Au moins 640 000 personnes ont été exposées à des niveaux de bruit environnemental nuisible en 2014, selon un avis de l'Institut national de santé publique du Québec (INSPQ) publié en novembre dernier. Si la principale source de pollution sonore est le transport, notamment le transport aérien, c'est surtout la pollution sonore en lien avec les activités industrielles qui préoccupe les citoyens de l'Abitibi-Témiscamingue, notamment ceux qui vivent près de la mine Canadian Malartic.

Avec les informations de Angie Landry

Sommeil perturbé, maladies cardiovasculaires, perte d'audition et difficultés d'apprentissage en milieu scolaire : l'exposition répétée au bruit peut être responsable de divers problèmes de santé, selon l'avis de l'INSPQ, qui vise à ce que le ministère de la Santé et des Services sociaux considère le bruit comme un enjeu de santé publique.

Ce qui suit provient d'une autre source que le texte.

(* Let $p,q$ be positive integers, with notation as in the context, and let $s$ be the integer with $T_{e_s}=2^sT_1$. Let $T_c$ be a positive integer which is either $1$ or of the form $T_c=2^{l_c}T_1$ with $0\le l_c\le s+1$, and define $$e_0=\begin{cases}\max(e_p,e_q) & \text{if } T_c=1;\\ e_{s,g}+1 & \text{if } l_c=0,\ T_1\ne 1;\\ e_{s,g}+2l_c-1 & \text{if } 1\le l_c\le s+1.\end{cases}$$ Then for every integer $e>e_0$, every point $(x,y)$ lying on a cycle of length $T_c$ of the Cat map over $\mathbb{Z}_{2^e}$ satisfies $x\equiv 0\pmod 2$ and $y\equiv 0\pmod 2$.
   Context: Let $\mathbf{C}=\begin{bmatrix}1 & p\\ q & 1+pq\end{bmatrix}$. The Cat map over $\mathbb{Z}_{2^e}$ is the bijection $v\mapsto \mathbf{C}v\bmod 2^e$ of $\mathbb{Z}_{2^e}^2$; a point lies on a cycle of length $n$ if $n$ is the least positive integer with $\mathbf{C}^n v\equiv v\pmod{2^e}$. $T_e$ denotes the least period of the Cat map over $\mathbb{Z}_{2^e}$ (least $n\ge1$ with $\mathbf{C}^n\equiv I\pmod{2^e}$). Put $A=pq+2$, $B=\sqrt{A^2-4}$, $G_n=\left(\frac{A+B}{2}\right)^n+\left(\frac{A-B}{2}\right)^n$, $H_n=\frac{1}{B}\left(\left(\frac{A+B}{2}\right)^n-\left(\frac{A-B}{2}\right)^n\right)$ (integers). For a nonzero integer $m$ let $v_2(m)$ be the largest $x$ with $2^x\mid m$. Let $e_p=v_2(p)$, $e_q=v_2(q)$; $T_1=3$ if $p,q$ are both odd, $T_1=2$ if exactly one of $p,q$ is odd, $T_1=1$ if both are even; $\hat h=-1$ if $e_p+e_q=0$ and $\hat h=\min(e_p,e_q)$ otherwise; $e_{s,h}=v_2(H_{T_1})$; $m_0=1$ if $\frac12 G_{T_1}\not\equiv 1\pmod 4$ and $m_0=0$ otherwise; $e_{s,g}=v_2\left(\frac12 G_{2^{m_0}T_1}-1\right)$; $x_0=e_{s,h}+m_0+\hat h-e_{s,g}$ if $e_{s,g}<e_{s,h}+m_0+\hat h$ and $x_0=0$ otherwise; and $e_s=e_{s,h}+m_0+\hat h+x_0$. The cases defining $e_0$ are read in order. *)

theory Defs
  imports "HOL-Computational_Algebra.Primes" "HOL-Number_Theory.Cong"
begin

definition v2 :: "int \<Rightarrow> nat" where
  "v2 m = multiplicity (2::int) m"

text \<open>The Cat map v \<mapsto> C v with C = [[1,p],[q,1+pq]], acting on integer pairs
  (representatives of points of Z_{2^e}^2).\<close>
definition cat_map :: "int \<Rightarrow> int \<Rightarrow> int \<times> int \<Rightarrow> int \<times> int" where
  "cat_map p q v = (fst v + p * snd v, q * fst v + (1 + p * q) * snd v)"

text \<open>2x2 integer matrices as quadruples (a,b,c,d) = [[a,b],[c,d]].\<close>
definition mat_mult2 :: "int \<times> int \<times> int \<times> int \<Rightarrow> int \<times> int \<times> int \<times> int \<Rightarrow> int \<times> int \<times> int \<times> int" where
  "mat_mult2 M N = (case M of (a,b,c,d) \<Rightarrow> case N of (a',b',c',d') \<Rightarrow>
     (a*a' + b*c', a*b' + b*d', c*a' + d*c', c*b' + d*d'))"

primrec cat_pow :: "int \<Rightarrow> int \<Rightarrow> nat \<Rightarrow> int \<times> int \<times> int \<times> int" where
  "cat_pow p q 0 = (1, 0, 0, 1)"
| "cat_pow p q (Suc n) = mat_mult2 (1, p, q, 1 + p * q) (cat_pow p q n)"

definition mat_cong_id :: "int \<times> int \<times> int \<times> int \<Rightarrow> int \<Rightarrow> bool" where
  "mat_cong_id M m = (case M of (a,b,c,d) \<Rightarrow>
     [a = 1] (mod m) \<and> [b = 0] (mod m) \<and> [c = 0] (mod m) \<and> [d = 1] (mod m))"

definition T :: "int \<Rightarrow> int \<Rightarrow> nat \<Rightarrow> nat" where
  "T p q e = (LEAST n. n \<ge> 1 \<and> mat_cong_id (cat_pow p q n) (2 ^ e))"

definition pair_cong :: "int \<times> int \<Rightarrow> int \<times> int \<Rightarrow> int \<Rightarrow> bool" where
  "pair_cong v w m = ([fst v = fst w] (mod m) \<and> [snd v = snd w] (mod m))"

definition on_cycle :: "int \<Rightarrow> int \<Rightarrow> nat \<Rightarrow> nat \<Rightarrow> int \<times> int \<Rightarrow> bool" where
  "on_cycle p q e n v = (n \<ge> 1 \<and> pair_cong ((cat_map p q ^^ n) v) v (2 ^ e) \<and>
     (\<forall>k. 1 \<le> k \<and> k < n \<longrightarrow> \<not> pair_cong ((cat_map p q ^^ k) v) v (2 ^ e)))"

text \<open>G_n and H_n (Lucas sequences V_n(A,1), U_n(A,1) with A = pq+2),
  given by their integer recurrences.\<close>
fun Gseq :: "int \<Rightarrow> nat \<Rightarrow> int" where
  "Gseq A 0 = 2"
| "Gseq A (Suc 0) = A"
| "Gseq A (Suc (Suc n)) = A * Gseq A (Suc n) - Gseq A n"

fun Hseq :: "int \<Rightarrow> nat \<Rightarrow> int" where
  "Hseq A 0 = 0"
| "Hseq A (Suc 0) = 1"
| "Hseq A (Suc (Suc n)) = A * Hseq A (Suc n) - Hseq A n"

Ces problèmes, le représentant du Comité de citoyens-Zone Sud à Malartic, les connaît bien. Selon Louis Trottier, ils sont souvent portés à l'attention des comités qui défendent les intérêts des citoyens de Malartic.

« [Ce] n'est quasiment pas croyable qu'une personne, quand il y a un blast, qu'elle soit obligée de sortir dehors. J'ai même une petite enfant [sic] de 7 ans, si je ne me trompe pas, qui est dans son bain et qui entend un blast et qui se met à brailler [sic] », illustre-t-il.

Le syndrome du 11 h et 15 h

La porte-parole du comité vigilance Malartic est du même avis. Selon Chantal Germain, le stress lié aux dynamitages quotidiens va même grandissant.

« Il y a le [l'aspect] sonore, mais il y a aussi les sautages, avec les vibrations. Le sautage comme tel, qui fait quand même du bruit, et est régulier à 11 h et 15 h. Il y a quasiment, maintenant, des gens qui ont développé le ''syndrome du 11h et 15h''. Ça commence à être biologique », s'inquiète Chantal Germain.

Mesures d'atténuation et études approfondies

Canadian Malartic dit quant à elle travailler de manière constante pour atténuer le bruit. Elle cite entre autres l'achat d'équipements silencieux pour les camions ou la construction de murs coupe-son.

De son côté, le Centre intégré de santé et de services sociaux de l'Abitibi-Témiscamingue (CISSS-AT) dit avoir demandé à l'INSPQ de produire une étude spécifique sur le bruit à Malartic. Les résultats doivent être rendus publics dans les prochains mois.

Au cabinet de la ministre déléguée à la Santé publique, Lucie Charlebois, on dit finalement vouloir intégrer les recommandations de l'INSPQ sur la pollution sonore à une éventuelle Politique de prévention en santé.

Selon l'avis publié par l'INSPQ, les « coûts sociétaux des effets du bruit environnemental s'élèveraient à près de 680 millions de dollars par année au Québec ».